**SOURCE DATA**
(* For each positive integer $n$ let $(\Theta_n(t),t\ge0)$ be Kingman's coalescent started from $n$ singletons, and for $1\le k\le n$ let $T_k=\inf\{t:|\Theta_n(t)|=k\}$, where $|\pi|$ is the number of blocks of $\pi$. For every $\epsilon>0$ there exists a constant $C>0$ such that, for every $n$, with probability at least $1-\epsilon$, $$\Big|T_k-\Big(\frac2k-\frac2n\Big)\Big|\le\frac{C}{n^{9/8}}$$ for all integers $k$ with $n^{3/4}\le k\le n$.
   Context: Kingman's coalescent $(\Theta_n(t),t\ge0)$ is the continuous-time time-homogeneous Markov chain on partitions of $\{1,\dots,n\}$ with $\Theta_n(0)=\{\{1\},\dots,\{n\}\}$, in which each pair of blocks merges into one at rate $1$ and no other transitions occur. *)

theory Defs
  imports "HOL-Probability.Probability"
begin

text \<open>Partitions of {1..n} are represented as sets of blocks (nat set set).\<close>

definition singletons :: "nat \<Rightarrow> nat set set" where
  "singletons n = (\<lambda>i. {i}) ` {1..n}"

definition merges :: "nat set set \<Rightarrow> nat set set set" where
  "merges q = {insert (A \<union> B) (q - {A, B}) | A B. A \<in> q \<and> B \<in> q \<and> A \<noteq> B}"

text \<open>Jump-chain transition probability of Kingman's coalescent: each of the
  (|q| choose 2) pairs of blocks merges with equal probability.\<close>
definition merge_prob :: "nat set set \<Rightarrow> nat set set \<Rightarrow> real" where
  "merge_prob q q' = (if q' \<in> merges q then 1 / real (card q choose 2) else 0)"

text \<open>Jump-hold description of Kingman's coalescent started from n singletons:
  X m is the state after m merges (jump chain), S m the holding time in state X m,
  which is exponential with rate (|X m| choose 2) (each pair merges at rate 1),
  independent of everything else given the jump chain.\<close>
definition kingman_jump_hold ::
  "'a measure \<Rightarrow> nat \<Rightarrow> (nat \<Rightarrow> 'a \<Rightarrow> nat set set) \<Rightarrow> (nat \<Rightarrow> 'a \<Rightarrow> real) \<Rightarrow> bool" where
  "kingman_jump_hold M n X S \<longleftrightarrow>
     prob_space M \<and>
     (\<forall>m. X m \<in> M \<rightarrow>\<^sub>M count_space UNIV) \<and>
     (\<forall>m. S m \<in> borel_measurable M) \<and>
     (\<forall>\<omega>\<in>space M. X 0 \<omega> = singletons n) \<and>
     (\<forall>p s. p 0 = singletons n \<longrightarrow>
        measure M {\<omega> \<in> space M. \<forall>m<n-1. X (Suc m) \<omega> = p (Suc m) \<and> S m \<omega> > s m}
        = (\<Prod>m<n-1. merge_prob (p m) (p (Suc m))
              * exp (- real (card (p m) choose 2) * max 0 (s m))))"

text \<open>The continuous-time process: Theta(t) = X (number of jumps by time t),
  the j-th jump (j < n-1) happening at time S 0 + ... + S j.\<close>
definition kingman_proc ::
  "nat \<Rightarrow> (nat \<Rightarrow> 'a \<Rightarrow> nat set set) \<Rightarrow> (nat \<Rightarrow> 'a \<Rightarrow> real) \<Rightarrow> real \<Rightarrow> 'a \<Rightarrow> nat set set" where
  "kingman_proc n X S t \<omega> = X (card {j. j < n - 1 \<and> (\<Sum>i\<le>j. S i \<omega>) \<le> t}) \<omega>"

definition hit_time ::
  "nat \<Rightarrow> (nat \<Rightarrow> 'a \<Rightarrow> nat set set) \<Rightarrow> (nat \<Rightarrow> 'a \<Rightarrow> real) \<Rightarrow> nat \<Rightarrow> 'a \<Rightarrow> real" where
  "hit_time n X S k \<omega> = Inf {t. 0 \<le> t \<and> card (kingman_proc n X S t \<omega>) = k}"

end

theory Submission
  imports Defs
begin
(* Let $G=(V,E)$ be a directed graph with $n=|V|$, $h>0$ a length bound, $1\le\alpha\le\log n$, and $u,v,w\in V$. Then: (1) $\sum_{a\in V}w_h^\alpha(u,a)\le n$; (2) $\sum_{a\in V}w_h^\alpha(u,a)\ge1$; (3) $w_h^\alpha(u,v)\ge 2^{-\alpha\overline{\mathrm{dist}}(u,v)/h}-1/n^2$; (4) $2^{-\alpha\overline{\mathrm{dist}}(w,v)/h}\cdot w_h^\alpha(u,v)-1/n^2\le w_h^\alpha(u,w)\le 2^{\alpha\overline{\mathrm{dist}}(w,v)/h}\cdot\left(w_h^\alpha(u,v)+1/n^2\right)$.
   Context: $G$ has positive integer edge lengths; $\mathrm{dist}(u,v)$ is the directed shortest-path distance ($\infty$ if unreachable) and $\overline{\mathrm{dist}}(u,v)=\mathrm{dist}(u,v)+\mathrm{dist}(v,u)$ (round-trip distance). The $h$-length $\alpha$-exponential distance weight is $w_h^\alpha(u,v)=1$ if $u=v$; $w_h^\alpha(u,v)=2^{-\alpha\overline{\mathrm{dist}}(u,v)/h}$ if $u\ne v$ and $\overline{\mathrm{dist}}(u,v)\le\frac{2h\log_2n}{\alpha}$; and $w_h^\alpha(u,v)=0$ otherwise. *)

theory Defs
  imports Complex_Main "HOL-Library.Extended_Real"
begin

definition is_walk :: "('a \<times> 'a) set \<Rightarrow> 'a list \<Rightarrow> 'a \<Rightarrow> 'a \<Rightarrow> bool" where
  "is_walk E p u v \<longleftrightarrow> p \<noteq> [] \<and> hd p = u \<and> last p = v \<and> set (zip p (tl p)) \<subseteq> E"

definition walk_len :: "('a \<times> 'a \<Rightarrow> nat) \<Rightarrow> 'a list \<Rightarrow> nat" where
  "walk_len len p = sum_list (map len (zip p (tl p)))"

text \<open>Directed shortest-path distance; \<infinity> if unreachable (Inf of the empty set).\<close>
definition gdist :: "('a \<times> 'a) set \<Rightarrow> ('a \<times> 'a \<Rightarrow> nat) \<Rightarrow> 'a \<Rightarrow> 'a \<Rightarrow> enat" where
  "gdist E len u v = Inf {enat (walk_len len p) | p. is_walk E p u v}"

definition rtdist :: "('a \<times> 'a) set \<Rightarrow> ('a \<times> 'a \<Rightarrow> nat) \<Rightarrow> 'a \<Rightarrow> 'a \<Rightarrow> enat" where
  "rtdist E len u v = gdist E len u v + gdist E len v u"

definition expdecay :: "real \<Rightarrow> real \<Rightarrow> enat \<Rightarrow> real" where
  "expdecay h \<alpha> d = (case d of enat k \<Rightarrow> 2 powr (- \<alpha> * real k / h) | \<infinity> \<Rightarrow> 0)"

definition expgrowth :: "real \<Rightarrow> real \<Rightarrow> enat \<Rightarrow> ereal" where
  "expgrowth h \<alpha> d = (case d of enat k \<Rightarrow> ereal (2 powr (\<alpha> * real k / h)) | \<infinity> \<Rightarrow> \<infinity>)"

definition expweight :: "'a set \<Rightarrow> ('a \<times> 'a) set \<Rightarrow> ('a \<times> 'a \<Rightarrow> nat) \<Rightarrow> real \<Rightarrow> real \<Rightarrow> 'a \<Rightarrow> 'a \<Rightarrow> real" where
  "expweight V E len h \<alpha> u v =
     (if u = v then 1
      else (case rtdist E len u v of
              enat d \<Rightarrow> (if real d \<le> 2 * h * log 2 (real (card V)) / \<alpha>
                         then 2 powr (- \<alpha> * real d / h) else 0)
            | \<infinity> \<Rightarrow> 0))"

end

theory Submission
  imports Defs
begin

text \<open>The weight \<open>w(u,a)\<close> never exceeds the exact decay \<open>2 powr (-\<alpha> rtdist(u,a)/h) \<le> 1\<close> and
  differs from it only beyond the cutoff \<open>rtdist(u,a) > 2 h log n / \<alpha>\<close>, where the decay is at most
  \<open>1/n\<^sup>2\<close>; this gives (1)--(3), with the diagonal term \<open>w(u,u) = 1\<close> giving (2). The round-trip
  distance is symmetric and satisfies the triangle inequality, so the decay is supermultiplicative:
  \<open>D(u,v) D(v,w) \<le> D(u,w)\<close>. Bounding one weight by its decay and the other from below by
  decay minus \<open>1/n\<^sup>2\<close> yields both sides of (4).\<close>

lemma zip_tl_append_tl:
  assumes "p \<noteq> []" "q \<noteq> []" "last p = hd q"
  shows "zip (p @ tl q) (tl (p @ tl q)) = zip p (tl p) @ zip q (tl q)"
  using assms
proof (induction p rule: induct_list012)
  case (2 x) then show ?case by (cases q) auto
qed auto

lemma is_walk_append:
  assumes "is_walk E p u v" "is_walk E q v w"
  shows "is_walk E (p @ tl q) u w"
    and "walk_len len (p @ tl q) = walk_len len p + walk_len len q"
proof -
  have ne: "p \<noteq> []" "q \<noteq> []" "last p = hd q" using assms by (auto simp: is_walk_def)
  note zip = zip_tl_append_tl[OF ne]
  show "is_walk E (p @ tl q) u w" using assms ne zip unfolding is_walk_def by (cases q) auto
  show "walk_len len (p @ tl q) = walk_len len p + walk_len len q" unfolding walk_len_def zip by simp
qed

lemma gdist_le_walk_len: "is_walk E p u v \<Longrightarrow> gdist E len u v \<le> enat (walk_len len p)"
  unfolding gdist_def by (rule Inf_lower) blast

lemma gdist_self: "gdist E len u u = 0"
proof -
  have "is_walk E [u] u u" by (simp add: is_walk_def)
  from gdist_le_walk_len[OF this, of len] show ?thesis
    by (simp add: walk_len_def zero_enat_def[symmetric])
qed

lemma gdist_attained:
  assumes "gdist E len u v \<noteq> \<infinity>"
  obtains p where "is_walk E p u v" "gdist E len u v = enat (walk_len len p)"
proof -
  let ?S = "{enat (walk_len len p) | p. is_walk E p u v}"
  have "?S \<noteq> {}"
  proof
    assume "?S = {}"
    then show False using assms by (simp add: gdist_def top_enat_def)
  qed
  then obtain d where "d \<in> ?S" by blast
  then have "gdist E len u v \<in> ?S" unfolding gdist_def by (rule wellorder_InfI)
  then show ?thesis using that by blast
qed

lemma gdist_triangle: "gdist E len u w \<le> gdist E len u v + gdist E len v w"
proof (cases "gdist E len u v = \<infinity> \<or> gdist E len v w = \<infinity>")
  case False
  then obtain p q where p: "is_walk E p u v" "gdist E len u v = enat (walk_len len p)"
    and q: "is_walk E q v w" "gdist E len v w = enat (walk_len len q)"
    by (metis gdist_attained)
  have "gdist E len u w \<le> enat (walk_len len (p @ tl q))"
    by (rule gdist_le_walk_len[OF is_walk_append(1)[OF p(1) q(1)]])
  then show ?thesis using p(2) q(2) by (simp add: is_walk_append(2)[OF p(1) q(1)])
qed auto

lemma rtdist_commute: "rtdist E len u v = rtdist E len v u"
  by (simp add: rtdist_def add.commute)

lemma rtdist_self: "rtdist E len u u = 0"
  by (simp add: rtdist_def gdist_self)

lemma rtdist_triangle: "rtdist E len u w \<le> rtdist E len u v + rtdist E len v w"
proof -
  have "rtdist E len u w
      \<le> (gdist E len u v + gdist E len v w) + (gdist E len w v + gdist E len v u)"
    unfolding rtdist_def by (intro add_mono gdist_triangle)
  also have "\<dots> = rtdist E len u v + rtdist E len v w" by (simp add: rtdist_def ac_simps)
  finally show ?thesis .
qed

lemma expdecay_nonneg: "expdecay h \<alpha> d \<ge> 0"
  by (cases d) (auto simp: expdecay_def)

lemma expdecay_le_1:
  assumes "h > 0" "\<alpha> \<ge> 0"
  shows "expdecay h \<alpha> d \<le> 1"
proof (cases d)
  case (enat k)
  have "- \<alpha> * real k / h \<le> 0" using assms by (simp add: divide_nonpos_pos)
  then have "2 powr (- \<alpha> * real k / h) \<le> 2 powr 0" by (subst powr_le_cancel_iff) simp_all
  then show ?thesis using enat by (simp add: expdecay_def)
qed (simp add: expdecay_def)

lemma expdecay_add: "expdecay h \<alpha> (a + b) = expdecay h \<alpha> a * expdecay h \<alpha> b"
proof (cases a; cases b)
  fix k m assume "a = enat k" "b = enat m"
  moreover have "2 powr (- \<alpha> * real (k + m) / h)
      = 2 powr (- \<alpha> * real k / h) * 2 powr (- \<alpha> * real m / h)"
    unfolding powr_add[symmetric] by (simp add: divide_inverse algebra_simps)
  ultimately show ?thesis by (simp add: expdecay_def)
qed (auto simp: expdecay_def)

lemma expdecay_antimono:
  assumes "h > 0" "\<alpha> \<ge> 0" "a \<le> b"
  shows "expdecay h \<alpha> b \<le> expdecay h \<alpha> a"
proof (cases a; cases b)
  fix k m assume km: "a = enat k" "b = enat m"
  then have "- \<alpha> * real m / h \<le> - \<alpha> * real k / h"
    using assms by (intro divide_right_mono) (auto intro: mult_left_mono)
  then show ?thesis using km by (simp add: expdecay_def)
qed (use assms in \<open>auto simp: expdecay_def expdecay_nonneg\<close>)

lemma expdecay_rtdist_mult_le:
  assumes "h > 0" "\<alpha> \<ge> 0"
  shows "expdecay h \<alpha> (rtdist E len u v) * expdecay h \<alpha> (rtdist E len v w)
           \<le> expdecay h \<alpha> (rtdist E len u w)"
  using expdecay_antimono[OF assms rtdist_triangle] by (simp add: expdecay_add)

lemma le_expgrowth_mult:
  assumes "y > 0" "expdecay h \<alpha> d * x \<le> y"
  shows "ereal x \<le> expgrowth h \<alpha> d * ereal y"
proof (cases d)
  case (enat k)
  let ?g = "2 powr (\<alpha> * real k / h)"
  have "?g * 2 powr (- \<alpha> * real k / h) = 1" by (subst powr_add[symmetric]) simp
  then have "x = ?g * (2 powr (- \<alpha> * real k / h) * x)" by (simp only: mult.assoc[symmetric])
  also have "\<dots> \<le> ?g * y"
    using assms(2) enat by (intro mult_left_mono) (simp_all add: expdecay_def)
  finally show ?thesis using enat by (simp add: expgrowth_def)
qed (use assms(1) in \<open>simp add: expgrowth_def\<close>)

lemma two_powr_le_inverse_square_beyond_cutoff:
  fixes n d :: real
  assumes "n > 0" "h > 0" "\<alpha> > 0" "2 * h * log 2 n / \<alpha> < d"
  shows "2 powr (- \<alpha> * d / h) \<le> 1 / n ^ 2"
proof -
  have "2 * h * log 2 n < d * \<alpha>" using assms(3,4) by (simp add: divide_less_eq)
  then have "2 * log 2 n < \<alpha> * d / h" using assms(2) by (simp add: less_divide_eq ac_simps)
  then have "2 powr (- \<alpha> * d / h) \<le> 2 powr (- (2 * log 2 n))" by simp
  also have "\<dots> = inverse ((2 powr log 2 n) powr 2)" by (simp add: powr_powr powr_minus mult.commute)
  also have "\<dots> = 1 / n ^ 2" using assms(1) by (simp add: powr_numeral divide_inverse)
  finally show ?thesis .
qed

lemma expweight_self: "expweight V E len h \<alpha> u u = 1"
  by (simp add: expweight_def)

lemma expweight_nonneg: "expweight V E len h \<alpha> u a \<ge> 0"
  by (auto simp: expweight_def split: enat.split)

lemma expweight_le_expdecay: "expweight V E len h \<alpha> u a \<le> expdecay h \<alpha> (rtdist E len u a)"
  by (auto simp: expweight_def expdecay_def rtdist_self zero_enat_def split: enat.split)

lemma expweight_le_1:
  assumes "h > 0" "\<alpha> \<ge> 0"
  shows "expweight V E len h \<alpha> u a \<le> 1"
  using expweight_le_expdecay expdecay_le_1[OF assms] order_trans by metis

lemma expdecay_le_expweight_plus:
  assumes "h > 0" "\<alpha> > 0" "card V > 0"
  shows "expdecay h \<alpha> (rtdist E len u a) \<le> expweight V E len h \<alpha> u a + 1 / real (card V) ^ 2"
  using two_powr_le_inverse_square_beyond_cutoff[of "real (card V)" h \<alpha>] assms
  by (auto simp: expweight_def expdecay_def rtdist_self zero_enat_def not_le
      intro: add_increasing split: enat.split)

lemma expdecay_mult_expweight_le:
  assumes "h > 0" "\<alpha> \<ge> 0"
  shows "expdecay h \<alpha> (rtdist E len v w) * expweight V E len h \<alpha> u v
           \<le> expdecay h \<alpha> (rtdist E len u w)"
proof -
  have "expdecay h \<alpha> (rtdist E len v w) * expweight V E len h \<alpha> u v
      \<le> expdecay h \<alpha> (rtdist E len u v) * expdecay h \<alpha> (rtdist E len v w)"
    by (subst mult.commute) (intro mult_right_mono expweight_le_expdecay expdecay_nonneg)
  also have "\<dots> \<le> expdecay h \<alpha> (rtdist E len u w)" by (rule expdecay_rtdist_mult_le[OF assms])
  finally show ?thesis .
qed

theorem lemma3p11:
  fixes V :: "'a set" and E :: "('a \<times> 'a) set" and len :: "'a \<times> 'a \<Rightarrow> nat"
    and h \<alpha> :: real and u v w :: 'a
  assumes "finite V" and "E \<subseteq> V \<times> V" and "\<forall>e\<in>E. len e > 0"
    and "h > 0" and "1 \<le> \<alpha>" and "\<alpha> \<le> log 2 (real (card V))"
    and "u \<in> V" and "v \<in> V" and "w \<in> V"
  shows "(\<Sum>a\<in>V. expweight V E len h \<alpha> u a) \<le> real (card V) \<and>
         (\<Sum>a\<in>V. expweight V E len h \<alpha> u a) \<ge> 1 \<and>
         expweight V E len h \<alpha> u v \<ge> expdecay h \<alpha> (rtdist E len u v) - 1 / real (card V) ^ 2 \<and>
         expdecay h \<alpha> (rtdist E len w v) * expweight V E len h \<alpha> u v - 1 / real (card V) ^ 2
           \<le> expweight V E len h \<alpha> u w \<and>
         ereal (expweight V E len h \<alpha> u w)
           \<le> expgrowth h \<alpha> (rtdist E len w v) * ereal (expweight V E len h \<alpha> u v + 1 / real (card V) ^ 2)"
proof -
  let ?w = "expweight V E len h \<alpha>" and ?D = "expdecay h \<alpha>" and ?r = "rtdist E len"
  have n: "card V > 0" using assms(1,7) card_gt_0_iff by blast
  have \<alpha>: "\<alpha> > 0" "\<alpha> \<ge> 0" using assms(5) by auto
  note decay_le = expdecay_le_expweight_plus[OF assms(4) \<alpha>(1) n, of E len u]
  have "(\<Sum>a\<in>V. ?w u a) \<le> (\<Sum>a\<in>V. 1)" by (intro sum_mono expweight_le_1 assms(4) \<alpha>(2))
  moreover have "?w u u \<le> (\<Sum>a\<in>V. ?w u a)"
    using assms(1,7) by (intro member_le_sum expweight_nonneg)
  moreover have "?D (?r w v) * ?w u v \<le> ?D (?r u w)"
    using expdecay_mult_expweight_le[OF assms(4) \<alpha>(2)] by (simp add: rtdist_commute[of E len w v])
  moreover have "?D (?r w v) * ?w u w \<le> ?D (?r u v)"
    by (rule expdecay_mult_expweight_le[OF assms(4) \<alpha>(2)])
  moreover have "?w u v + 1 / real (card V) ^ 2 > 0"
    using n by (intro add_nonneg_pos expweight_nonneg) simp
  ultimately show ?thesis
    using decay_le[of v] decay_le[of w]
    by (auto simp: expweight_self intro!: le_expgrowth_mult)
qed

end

**YOUR TASK**
All that is wanted is a faithful reproduction of the line above with "k \<Rightarrow> ereal", the line with "else (case rtdist E len u v of", and every line in between.

**RESULT OF THE TASK**
  "expgrowth h \<alpha> d = (case d of enat k \<Rightarrow> ereal (2 powr (\<alpha> * real k / h)) | \<infinity> \<Rightarrow> \<infinity>)"

definition expweight :: "'a set \<Rightarrow> ('a \<times> 'a) set \<Rightarrow> ('a \<times> 'a \<Rightarrow> nat) \<Rightarrow> real \<Rightarrow> real \<Rightarrow> 'a \<Rightarrow> 'a \<Rightarrow> real" where
  "expweight V E len h \<alpha> u v =
     (if u = v then 1
      else (case rtdist E len u v of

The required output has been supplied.